The tremors slowly abated as energy flowed from one man to another, a feedback loop forming, binding, strengthening.
Kyrano took a deep breath, forced himself upright and grabbed his robe from the nearby love seat where he'd carelessly tossed it hours before. He shucked it on and as he was tying the sash, looked at the mirror again.
Somehow, with Jeff standing there beside him, the lines in his face didn't seem so pronounced. The sadness around his eyes faded away and rather than making him feel old, the color of his hair made him proud of the fact that he'd survived long enough to see it change from the jet-black it once had been.
"Come on." Jeff gestured toward the door as he reconstructed his own protective walls. "I'll take you out to breakfast in Auckland and then we'll visit the hospital."
Kyrano nodded and as the door swished open, whispered, "Thank you."

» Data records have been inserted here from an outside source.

lemma mu_ST_I_d1_one_le:
  fixes b c :: nat and B u al be :: real
  defines "B \<equiv> real b ^ c" and "u \<equiv> 1 / real b"
    and "al \<equiv> B / (B - 2)" and "be \<equiv> B / (B - 1)"
  assumes "b \<ge> 1" "B > 2"
  shows "mu_ST (I_d1 b 1 c) \<le>
    mu_ST {al * u..2 * be * u} + mu_ST {al * u\<^sup>2..2 * be * u\<^sup>2} + mu_ST {0..2 * be * u ^ 3}"
proof -
  have "mu_ST (I_d1 b 1 c) \<le>
      measure sato_tate ({al * u..2 * be * u} \<union> {al * u\<^sup>2..2 * be * u\<^sup>2} \<union> {0..2 * be * u ^ 3})"
    unfolding mu_ST_def using I_d1_one_subset[OF assms(5,6)[unfolded B_def]]
    by (intro sato_tate.finite_measure_mono) (auto simp: B_def u_def al_def be_def)
  also have "\<dots> \<le> mu_ST {al * u..2 * be * u} + mu_ST {al * u\<^sup>2..2 * be * u\<^sup>2} + mu_ST {0..2 * be * u ^ 3}"
    unfolding mu_ST_def
    by (intro order.trans[OF measure_subadditive] add_right_mono measure_subadditive
        sato_tate.emeasure_finite) auto
  finally show ?thesis .
qed

theorem lemma3p1:
  fixes b :: nat
  assumes "b \<ge> 3"
  shows "\<exists>c0::nat. \<forall>c::nat. c \<ge> c0 \<and> c \<ge> 1 \<longrightarrow>
           2 * mu_ST (I_d1 b 2 c) - 2 * mu_ST (I_d1 b 1 c) > 1 / 40"
proof (intro exI[of _ 10] allI impI)
  fix c :: nat assume "10 \<le> c \<and> 1 \<le> c"
  define B where "B = real b ^ c"
  have "(3::real) ^ 10 \<le> real b ^ 10" using assms by (intro power_mono) auto
  also have "\<dots> \<le> B" unfolding B_def using assms \<open>10 \<le> c \<and> 1 \<le> c\<close> by (intro power_increasing) auto
  finally have "B \<ge> 10000" by simp
  then have "1/2 \<le> B / (2 * B - 2)" "B / (2 * B - 2) \<le> 0.5001"
    "1 \<le> B / (B - 2)" "B / (B - 2) \<le> 1.001" "1 \<le> B / (B - 1)" "B / (B - 1) \<le> 1.001"
    by (simp_all add: field_simps)
  from mu_ST_gap[OF assms refl this] show "2 * mu_ST (I_d1 b 2 c) - 2 * mu_ST (I_d1 b 1 c) > 1 / 40"
    using mu_ST_I_d1_two_ge[of b c, folded B_def] mu_ST_I_d1_one_le[of b c, folded B_def]
      assms \<open>B \<ge> 10000\<close> \<open>10 \<le> c \<and> 1 \<le> c\<close> by simp
qed

end
(* The following hold: (i) $(\gamma(n))_{n\ge2}$ is $\mathcal I_{\le 1/2}$-convergent to $1$; (ii) $(\tau(n))_{n\ge2}$ is $\mathcal I_{\le 1/2}$-convergent to $1$; (iii) $(N(n))_{n\ge2}$ is $\mathcal I_{\le 1/2}$-convergent to $2$. That is, for every $\varepsilon>0$ each of the sets $\{n\ge2:|\gamma(n)-1|\ge\varepsilon\}$, $\{n\ge2:|\tau(n)-1|\ge\varepsilon\}$, $\{n\ge2:|N(n)-2|\ge\varepsilon\}$ has convergence exponent at most $1/2$.
   Context: $\mathbb N$ denotes the set of positive integers. For $n\ge2$, $\gamma(n)$ is the number of representations $n=a^b$ with $a,b\in\mathbb N$; if $n=a_1^{b_1}=\cdots=a_{\gamma(n)}^{b_{\gamma(n)}}$ are all these representations, then $\tau(n)=b_1+\cdots+b_{\gamma(n)}$. $N(n)$ is the number of times $n$ occurs as an entry $\binom{m}{k}$ ($0\le k\le m$) of Pascal's triangle. For $A\subset\mathbb N$ the convergence exponent is $\lambda(A)=\inf\{t>0:\sum_{a\in A}a^{-t}<\infty\}$, and $\mathcal I_{\le 1/2}=\{A\subset\mathbb N:\lambda(A)\le 1/2\}$. A sequence $(x_n)$ is $\mathcal I$-convergent to $L$ if for every $\varepsilon>0$ the set $\{n:|x_n-L|\ge\varepsilon\}$ belongs to $\mathcal I$. *)

theory Defs
  imports "HOL-Analysis.Analysis"
begin

definition gamma_rep :: "nat \<Rightarrow> nat" where
  "gamma_rep n = card {(a, b). a \<ge> 1 \<and> b \<ge> 1 \<and> a ^ b = n}"

definition tau_rep :: "nat \<Rightarrow> nat" where
  "tau_rep n = (\<Sum>(a, b) \<in> {(a, b). a \<ge> 1 \<and> b \<ge> 1 \<and> a ^ b = n}. b)"

definition pascal_mult :: "nat \<Rightarrow> nat" where
  "pascal_mult n = card {(m, k). k \<le> m \<and> m choose k = n}"

definition conv_exp :: "nat set \<Rightarrow> real" where
  "conv_exp A = Inf {t. t > 0 \<and> (\<lambda>a. real a powr (- t)) summable_on A}"

definition I_half :: "nat set set" where
  "I_half = {A. A \<subseteq> {1..} \<and> conv_exp A \<le> 1/2}"

definition I_conv_from2 :: "nat set set \<Rightarrow> (nat \<Rightarrow> real) \<Rightarrow> real \<Rightarrow> bool" where
  "I_conv_from2 I x L \<longleftrightarrow> (\<forall>\<epsilon>>0. {n. n \<ge> 2 \<and> \<bar>x n - L\<bar> \<ge> \<epsilon>} \<in> I)"

end

theory Submission
  imports Defs
begin

text \<open>
  If \<open>\<gamma>(n) \<noteq> 1\<close> or \<open>\<tau>(n) \<noteq> 1\<close> then \<open>n = a^b\<close> with \<open>a, b \<ge> 2\<close>, and if \<open>N(n) \<noteq> 2\<close> then
  \<open>n = 2\<close> or \<open>n = C(m, k)\<close> with \<open>2 \<le> k \<le> m/2\<close>. Both exceptional sets are images of pairs
  \<open>(x, y)\<close> under maps of size at least \<open>c x\<^sup>2 r\<^sup>y\<close> with \<open>r > 1\<close>
  (\<open>a^b \<ge> a\<^sup>2 2^(b-2)\<close> and \<open>C(m, k) \<ge> (m/k)^k \<ge> m\<^sup>2 (4/3)^k / 16\<close>), so for \<open>t > 1/2\<close> the sum
  of \<open>n^(-t)\<close> over them is dominated by the product of \<open>\<Sum> x^(-2t)\<close> and a geometric series.
\<close>

lemma summable_on_product_nonneg:
  fixes u w :: "nat \<Rightarrow> real"
  assumes "summable u" "summable w" "\<And>x. u x \<ge> 0" "\<And>y. w y \<ge> 0"
  shows "(\<lambda>(x, y). u x * w y) summable_on UNIV"
proof -
  have "(\<lambda>(x, y). u x * w y) summable_on Sigma UNIV (\<lambda>_. UNIV)"
  proof (rule summable_on_SigmaI)
    show "((\<lambda>y. case (x, y) of (x, y) \<Rightarrow> u x * w y) has_sum u x * suminf w) UNIV" for x
      using has_sum_cmult_right[OF sums_nonneg_imp_has_sum[OF summable_sums[OF assms(2)] assms(4)]]
      by simp
    show "(\<lambda>x. u x * suminf w) summable_on UNIV"
      using assms by (intro summable_nonneg_imp_summable_on summable_mult2 mult_nonneg_nonneg suminf_nonneg)
  qed (use assms in auto)
  then show ?thesis by simp
qed

lemma summable_on_image_if_summable_on_comp:
  fixes g :: "'b \<Rightarrow> 'c::banach"
  assumes "(g \<circ> v) summable_on J"
  shows "g summable_on v ` J"
proof -
  let ?h = "inv_into J v"
  have "(g \<circ> v) summable_on ?h ` v ` J"
    by (rule summable_on_subset_banach[OF assms]) (auto intro: inv_into_into)
  then have "(g \<circ> v \<circ> ?h) summable_on v ` J"
    by (subst (asm) summable_on_reindex) (auto intro: inj_on_inv_into)
  then show ?thesis
    by (rule summable_on_cong[THEN iffD1, rotated]) (auto simp: f_inv_into_f)
qed

lemma powr_neg_le_quadratic_geometric:
  fixes t c r X :: real and x y :: nat
  assumes "t > 0" "c > 0" "r > 0" "x > 0" "c * real x ^ 2 * r ^ y \<le> X"
  shows "X powr - t \<le> c powr - t * real x powr (- 2 * t) * (r powr - t) ^ y"
proof -
  have "X powr - t \<le> (c * real x ^ 2 * r ^ y) powr - t"
    by (rule powr_mono2') (use assms in auto)
  also have "\<dots> = c powr - t * (real x ^ 2) powr - t * (r ^ y) powr - t"
    using assms by (simp add: powr_mult)
  also have "(real x ^ 2) powr - t = real x powr (- 2 * t)"
    using assms powr_powr[of "real x" 2 "- t"] by (simp add: powr_numeral)
  also have "(r ^ y) powr - t = (r powr - t) ^ y"
    using assms powr_powr[of r "real y" "- t"] powr_powr[of r "- t" "real y"]
    by (simp add: powr_realpow mult.commute)
  finally show ?thesis .
qed

lemma summable_on_image_quadratic_geometric_growth:
  fixes v :: "nat \<times> nat \<Rightarrow> nat" and t c r :: real
  assumes t: "t > 1/2" and c: "c > 0" and r: "r > 1"
    and growth: "\<And>x y. (x, y) \<in> J \<Longrightarrow> x > 0 \<and> c * real x ^ 2 * r ^ y \<le> real (v (x, y))"
  shows "(\<lambda>n. real n powr - t) summable_on v ` J"
proof (rule summable_on_image_if_summable_on_comp)
  define u where "u x = c powr - t * real x powr (- 2 * t)" for x :: nat
  define w where "w y = (r powr - t) ^ y" for y :: nat
  have "summable u"
    unfolding u_def using t by (intro summable_mult summable_real_powr_iff[THEN iffD2]) simp
  moreover have "summable w"
    unfolding w_def using r t by (intro summable_geometric) (simp add: powr_less_one)
  ultimately have "(\<lambda>(x, y). u x * w y) summable_on UNIV"
    by (rule summable_on_product_nonneg) (simp_all add: u_def w_def)
  then have "(\<lambda>(x, y). u x * w y) summable_on J"
    by (rule summable_on_subset_banach) simp
  then show "((\<lambda>n. real n powr - t) \<circ> v) summable_on J"
  proof (rule summable_on_comparison_test)
    fix p assume "p \<in> J"
    then obtain x y where "p = (x, y)" "x > 0" "c * real x ^ 2 * r ^ y \<le> real (v (x, y))"
      using growth by (cases p) blast
    then show "((\<lambda>n. real n powr - t) \<circ> v) p \<le> (case p of (x, y) \<Rightarrow> u x * w y)"
      using powr_neg_le_quadratic_geometric[of t c r x y] t c r by (simp add: u_def w_def)
  qed simp
qed

lemma I_half_if_summable:
  assumes "A \<subseteq> {1..}" and "\<And>t. t > 1/2 \<Longrightarrow> (\<lambda>a. real a powr - t) summable_on A"
  shows "A \<in> I_half"
proof -
  let ?S = "{t. t > 0 \<and> (\<lambda>a. real a powr - t) summable_on A}"
  have "Inf ?S \<le> t" if "t > 1/2" for t
    by (rule cInf_lower) (use that assms(2) in \<open>auto intro: bdd_belowI[of _ 0]\<close>)
  then have "Inf ?S \<le> 1/2"
    by (rule dense_ge)
  with assms(1) show ?thesis
    unfolding I_half_def conv_exp_def by simp
qed

lemma I_conv_from2_I_halfI:
  assumes "\<And>t. t > 1/2 \<Longrightarrow> (\<lambda>a. real a powr - t) summable_on E"
    and "\<And>n. n \<ge> 2 \<Longrightarrow> n \<notin> E \<Longrightarrow> x n = L"
  shows "I_conv_from2 I_half x L"
  unfolding I_conv_from2_def
proof (intro allI impI)
  fix \<epsilon> :: real assume "\<epsilon> > 0"
  then have exceptional: "{n. n \<ge> 2 \<and> \<bar>x n - L\<bar> \<ge> \<epsilon>} \<subseteq> E"
    using assms(2) by force
  show "{n. n \<ge> 2 \<and> \<bar>x n - L\<bar> \<ge> \<epsilon>} \<in> I_half"
    by (rule I_half_if_summable)
      (auto intro: summable_on_subset_banach[OF assms(1) exceptional])
qed

lemma power_ge_quadratic_geometric:
  assumes "2 \<le> a" "2 \<le> b"
  shows "1/4 * real a ^ 2 * 2 ^ b \<le> real (a ^ b)"
proof -
  have "1/4 * real a ^ 2 * 2 ^ b = real a ^ 2 * 2 ^ (b - 2)"
    using assms by (simp add: power_diff)
  also have "\<dots> \<le> real a ^ 2 * real a ^ (b - 2)"
    using assms by (intro mult_left_mono power_mono) auto
  also have "\<dots> = real (a ^ b)"
    using assms by (simp only: le_add_diff_inverse of_nat_power flip: power_add)
  finally show ?thesis .
qed

lemma square_times_power_two_le: "k ^ 2 * 2 ^ k \<le> 4 * 3 ^ k"
proof (induction k)
  case 0
  then show ?case by simp
next
  case (Suc k)
  show ?case
  proof (cases "k \<le> 5")
    case True
    then have "k \<in> {0, 1, 2, 3, 4, 5}" by auto
    then show ?thesis by (auto simp: power2_eq_square)
  next
    case False
    then have "6 * k \<le> k * k"
      by simp
    moreover have "2 * (Suc k) ^ 2 = 2 * (k * k) + 4 * k + 2" "3 * k ^ 2 = 3 * (k * k)"
      by (simp_all add: power2_eq_square algebra_simps)
    ultimately have "2 * (Suc k) ^ 2 \<le> 3 * k ^ 2"
      using False by linarith
    then have "(Suc k) ^ 2 * 2 ^ Suc k \<le> 3 * (k ^ 2 * 2 ^ k)"
      by (simp add: algebra_simps)
    also have "\<dots> \<le> 3 * (4 * 3 ^ k)"
      using Suc.IH by simp
    finally show ?thesis by simp
  qed
qed

lemma binomial_ge_quadratic_geometric:
  assumes "2 \<le> k" "2 * k \<le> m"
  shows "1/16 * real m ^ 2 * (4/3) ^ k \<le> real (m choose k)"
proof -
  have k: "real k > 0" using assms by simp
  have "real (k ^ 2 * 2 ^ k) \<le> real (4 * 3 ^ k)"
    using square_times_power_two_le[of k] by (simp only: of_nat_le_iff)
  then have "real k ^ 2 * 2 ^ k \<le> 4 * 3 ^ k"
    by simp
  then have "real k ^ 2 * 2 ^ k * (2/3) ^ k \<le> 4 * 3 ^ k * (2/3) ^ k"
    by (rule mult_right_mono) simp
  then have "real k ^ 2 * (4/3) ^ k \<le> 4 * 2 ^ k"
    by (simp add: mult.assoc flip: power_mult_distrib)
  then have "1/16 * real m ^ 2 * (4/3) ^ k \<le> (real m / real k) ^ 2 * 2 ^ (k - 2)"
    using assms k by (simp add: power_divide power_diff field_simps)
  also have "\<dots> \<le> (real m / real k) ^ 2 * (real m / real k) ^ (k - 2)"
    using assms k by (intro mult_left_mono power_mono) (auto simp: field_simps)
  also have "\<dots> = (real m / real k) ^ k"
    using assms by (simp only: le_add_diff_inverse flip: power_add)
  also have "\<dots> \<le> real (m choose k)"
    using binomial_ge_n_over_k_pow_k[of k m] assms by simp
  finally show ?thesis .
qed

definition perfect_powers :: "nat set" where
  "perfect_powers = (\<lambda>(a, b). a ^ b) ` {(a, b). 2 \<le> a \<and> 2 \<le> b}"

definition nontrivial_binomials :: "nat set" where
  "nontrivial_binomials = (\<lambda>(m, k). m choose k) ` {(m, k). 2 \<le> k \<and> 2 * k \<le> m}"

lemma summable_on_perfect_powers:
  assumes "t > 1/2"
  shows "(\<lambda>n. real n powr - t) summable_on perfect_powers"
  unfolding perfect_powers_def
proof (rule summable_on_image_quadratic_geometric_growth[where c = "1/4" and r = 2])
  fix a b :: nat
  assume "(a, b) \<in> {(a, b). 2 \<le> a \<and> 2 \<le> b}"
  then show "a > 0 \<and> 1/4 * real a ^ 2 * 2 ^ b \<le> real ((\<lambda>(a, b). a ^ b) (a, b))"
    using power_ge_quadratic_geometric[of a b] by simp
qed (use assms in auto)

lemma summable_on_nontrivial_binomials:
  assumes "t > 1/2"
  shows "(\<lambda>n. real n powr - t) summable_on nontrivial_binomials"
  unfolding nontrivial_binomials_def
proof (rule summable_on_image_quadratic_geometric_growth[where c = "1/16" and r = "4/3"])
  fix m k :: nat
  assume "(m, k) \<in> {(m, k). 2 \<le> k \<and> 2 * k \<le> m}"
  then show "m > 0 \<and> 1/16 * real m ^ 2 * (4/3) ^ k \<le> real ((\<lambda>(m, k). m choose k) (m, k))"
    using binomial_ge_quadratic_geometric[of k m] by simp
qed (use assms in auto)

lemma power_representations_non_perfect_power:
  assumes "n \<ge> 2" "n \<notin> perfect_powers"
  shows "{(a, b). a \<ge> 1 \<and> b \<ge> 1 \<and> a ^ b = n} = {(n, 1)}"
proof -
  have "(a, b) = (n, 1)" if "a \<ge> 1" "b \<ge> 1" "a ^ b = n" for a b
  proof -
    have "b = 1"
    proof (rule ccontr)
      assume "b \<noteq> 1"
      moreover have "a \<noteq> 1"
        using that assms(1) by auto
      ultimately have "n \<in> perfect_powers"
        using that unfolding perfect_powers_def by force
      with assms(2) show False ..
    qed
    with that(3) show ?thesis
      by simp
  qed
  then show ?thesis
    using assms(1) by auto
qed

lemma gamma_rep_non_perfect_power:
  assumes "n \<ge> 2" "n \<notin> perfect_powers"
  shows "gamma_rep n = 1"
  unfolding gamma_rep_def power_representations_non_perfect_power[OF assms] by simp

lemma tau_rep_non_perfect_power:
  assumes "n \<ge> 2" "n \<notin> perfect_powers"
  shows "tau_rep n = 1"
  unfolding tau_rep_def power_representations_non_perfect_power[OF assms] by simp

lemma binomial_in_nontrivial_binomials:
  assumes "2 \<le> k" "k + 2 \<le> m"
  shows "m choose k \<in> nontrivial_binomials"
proof (cases "2 * k \<le> m")
  case True
  then have "(m, k) \<in> {(m, k). 2 \<le> k \<and> 2 * k \<le> m}"
    using assms by simp
  then show ?thesis
    unfolding nontrivial_binomials_def by (rule rev_image_eqI) simp
next
  case False
  then have "(m, m - k) \<in> {(m, k). 2 \<le> k \<and> 2 * k \<le> m}"
    using assms by (simp add: case_prod_beta) arith
  then show ?thesis
    unfolding nontrivial_binomials_def
    by (rule rev_image_eqI) (use assms binomial_symmetric[of k m] in simp)
qed

lemma binomial_representations_non_nontrivial_binomial:
  assumes "n \<ge> 3" "n \<notin> nontrivial_binomials"
  shows "{(m, k). k \<le> m \<and> m choose k = n} = {(n, 1), (n, n - 1)}"
proof -
  have "(m, k) \<in> {(n, 1), (n, n - 1)}" if "k \<le> m" "m choose k = n" for m k
  proof -
    have "k \<noteq> 0" "k \<noteq> m"
      using that assms(1) by (auto intro!: gr0I)
    moreover have "\<not> (2 \<le> k \<and> k + 2 \<le> m)"
      using binomial_in_nontrivial_binomials that(2) assms(2) by blast
    ultimately have "k = 1 \<or> k = m - 1"
      using that(1) by linarith
    moreover have "m choose (m - 1) = m"
      using \<open>k \<le> m\<close> \<open>k \<noteq> 0\<close> binomial_symmetric[of 1 m] by simp
    ultimately show ?thesis
      using that(2) by auto
  qed
  moreover have "n choose (n - 1) = n"
    using assms(1) binomial_symmetric[of 1 n] by simp
  ultimately show ?thesis
    using assms(1) by (intro equalityI subsetI) (auto simp del: insert_iff)
qed

lemma pascal_mult_non_nontrivial_binomial:
  "n \<ge> 3 \<Longrightarrow> n \<notin> nontrivial_binomials \<Longrightarrow> pascal_mult n = 2"
  by (simp add: pascal_mult_def binomial_representations_non_nontrivial_binomial)

theorem theorem9:
  shows "I_conv_from2 I_half (\<lambda>n. real (gamma_rep n)) 1 \<and>
         I_conv_from2 I_half (\<lambda>n. real (tau_rep n)) 1 \<and>
         I_conv_from2 I_half (\<lambda>n. real (pascal_mult n)) 2"
proof (intro conjI)
  show "I_conv_from2 I_half (\<lambda>n. real (gamma_rep n)) 1"
    by (rule I_conv_from2_I_halfI[OF summable_on_perfect_powers])
      (simp_all add: gamma_rep_non_perfect_power)
  show "I_conv_from2 I_half (\<lambda>n. real (tau_rep n)) 1"
    by (rule I_conv_from2_I_halfI[OF summable_on_perfect_powers])
      (simp_all add: tau_rep_non_perfect_power)
  show "I_conv_from2 I_half (\<lambda>n. real (pascal_mult n)) 2"
  proof (rule I_conv_from2_I_halfI)
    show "(\<lambda>n. real n powr - t) summable_on insert 2 nontrivial_binomials" if "t > 1/2" for t
      using summable_on_nontrivial_binomials[OF that] by (simp add: summable_on_insert_iff)
    show "real (pascal_mult n) = 2" if "n \<ge> 2" "n \<notin> insert 2 nontrivial_binomials" for n
      using that by (simp add: pascal_mult_non_nontrivial_binomial)
  qed
qed

end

Jeff stopped, turned and gave him a small smile, then continued on his way. When the door had finished closing behind him, Kyrano looked at himself in the mirror once more. His daughter was alive. He was the grandfather of two beautiful baby boys. As the violin slowly slid from its final crescendo into the wistful strains that would bring this piece of music to a close, Kyrano knew that he could no longer hide. Not from Jeff. Not from his daughter.
Not from himself.
It was a time of joy now. A time of new beginnings. And not just because two newborn Tracys awaited the arrival of their two grandfathers. Kyrano realized in a stark moment of clarity that he'd never stopped running even after coming to live in the sanctuary Jeff had offered him all those years ago. His body had stayed put, but his mind and heart had both continued to flee the horrors of his life.
Finally, he could begin to let it all go. And in his face now, as this new knowledge permeated every cell of his being, Kyrano saw something he hadn't seen in longer than he could remember: peace.